I would like to apologize in advance for how utterly fawning and indulgent this review is going to be. But this band is really just that good.
Sometimes a band just knows how to name itself. Ufomammut derives its name from UFOs and the Italian word for mammoth. There isn’t really any better imagery to summon in description of Ufomammut’s music than something both immense and alien, a strange, lumbering beast with an immediately captivating power. With the release of ORO: Opus Alter, Ufomammut close out the two-part concept album opened by ORO: Opus Primum exploring mankind’s quest to gain control of the world through the power of knowledge.
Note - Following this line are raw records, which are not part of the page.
lemma suffix_closure_tight_has_empty:
  fixes a b :: 'a
  assumes "a \<noteq> b" "2 \<le> n"
  shows "\<exists>L::'a list set. regular L \<and> kappa L = n \<and> has_empty L \<and>
           kappa (suffix_closure L) = 2^(n-1)"
proof -
  interpret sink_automaton a b "n - 1" using assms by unfold_locales simp_all
  show ?thesis using regular_lang kappa_lang lang_has_empty kappa_suffix_closure_lang assms(2)
    by (intro exI[of _ lang]) simp
qed

lemma factor_closure_tight:
  fixes a b :: 'a
  assumes "a \<noteq> b" "2 \<le> n"
  shows "\<exists>L::'a list set. regular L \<and> kappa L = n \<and> kappa (factor_closure L) = 2^(n-1)"
proof -
  interpret sink_automaton a b "n - 1" using assms by unfold_locales simp_all
  show ?thesis using regular_lang kappa_lang kappa_factor_closure_lang assms(2)
    by (intro exI[of _ lang]) simp
qed

lemma subword_closure_tight:
  assumes "2 \<le> n" "n - 2 \<le> card (UNIV :: 'a set)"
  shows "\<exists>L::'a list set. regular L \<and> kappa L = n \<and> kappa (subword_closure L) = 2^(n-2) + 1"
proof (cases "n = 2")
  case True
  have "subword_closure {[]} = ({[]} :: 'a list set)" unfolding subword_closure_def closure_def by auto
  moreover have "kappa ({[]} :: 'a list set) = 2" unfolding kappa_def quotients_Nil_lang by simp
  moreover have "regular ({[]} :: 'a list set)"
    by (rule regular_if_finite_quotients) (simp add: quotients_Nil_lang)
  ultimately show ?thesis using True by (intro exI[of _ "{[]}"]) simp
next
  case False
  obtain A :: "'a set" where A: "card A = n - 2" "finite A"
    using obtain_subset_with_card_n[OF assms(2)] by metis
  then have "A \<noteq> {}" using False assms(1) by auto
  then interpret letter_set A using A by unfold_locales
  show ?thesis using regular_lang kappa_lang kappa_subword_closure_lang A assms(1)
    by (intro exI[of _ lang]) simp
qed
It’s heady stuff, explored mostly musically rather than belaboured through a novel of lyrics as happens on many concept albums, and it’s one of the most satisfying experiences I’ve ever had with music.
It’s virtually impossible to review Opus Alter on its own and ignore Opus Primum, as they’re part of the same body of music and intended by the band to be taken is as one 90+ minute work. In truth, I found Opus Primum to be less satisfying than 2010’s Eve, my discovery of which is perhaps the highlight of my musical explorations over the last few years. I think this was partially due to it not being completely new to me in the way Eve was, but also because I knew it was the first of two parts I couldn’t help but feel it ended on a bit of a cliffhanger. Now that I can absorb ORO as a whole, the journey is complete, there is a conclusion, and I can sort out the experience in its entirety.
If you’re not familiar with Ufomammut, they play a psychedelic brand of doom metal, all mid-paced tempos and gargantuan, stomping riffs punctuated by spacey ambient droning, like a living ancient monolith on some distant forgotten world. Fitting with the concept of the album, just as we seek further knowledge by building on the work of those who came before us, ORO creates thematic foundations and builds up from them, growing and evolving organically throughout the record’s 93 minutes to create a cohesive, self-referential work constantly expanding while never fully pulling away from its base. The riffs are constantly reaching out, seeking to grow as if they must in order to survive. Like Darwinian evolution, with each iteration they change slightly, growing heavier, thicker, louder, or faster, until you look back and realize they are no longer what they were, but instead are the culmination of a process leading to a more complete and fully realized entity. The drums are the heart of the record, pulsing with life and desire and providing the rhythm that drives everything. The bass is hypnotic and foreboding, an ever-present primordial essence invoking fear in the classical sense, a feeling of stupefied, reverential awe. The vocals, distorted and distant, more chanted than sung, don’t feel like words, they feel like thoughts, like abstract notions made sound. Everything comes together flawlessly. This band is truly visionary, pulling the entire metal genre forward through sheer strength of will and creative insight.
ORO needs to be listened to as a whole, with Opus Primum leading directly into Opus Alter, and album that should be listened to with headphones and no distractions. We set aside time to watch movies or read books separate from other activities, and this is album is a declaration that music deserves that same attention. This is not to say that Opus Alter is not worth listening to separate from Opus Primum, or that any of Opus Alter’s five subdivided tracks don’t have the strength to stand on their own as songs. But like any great film, a single scene devoid of context only holds so much power, relying on what comes before and after it to carry its full meaning, its emotional weight. ORO is an album that defines the phrase “greater than the sum of its parts”, great as those parts may be. It possesses such strength and power that it amplifies the silence after it’s over to something more significant, a coda in which the experience of ORO settles and all that remains is a person slightly different than they were 93 minutes before. This is a monument to what music can be.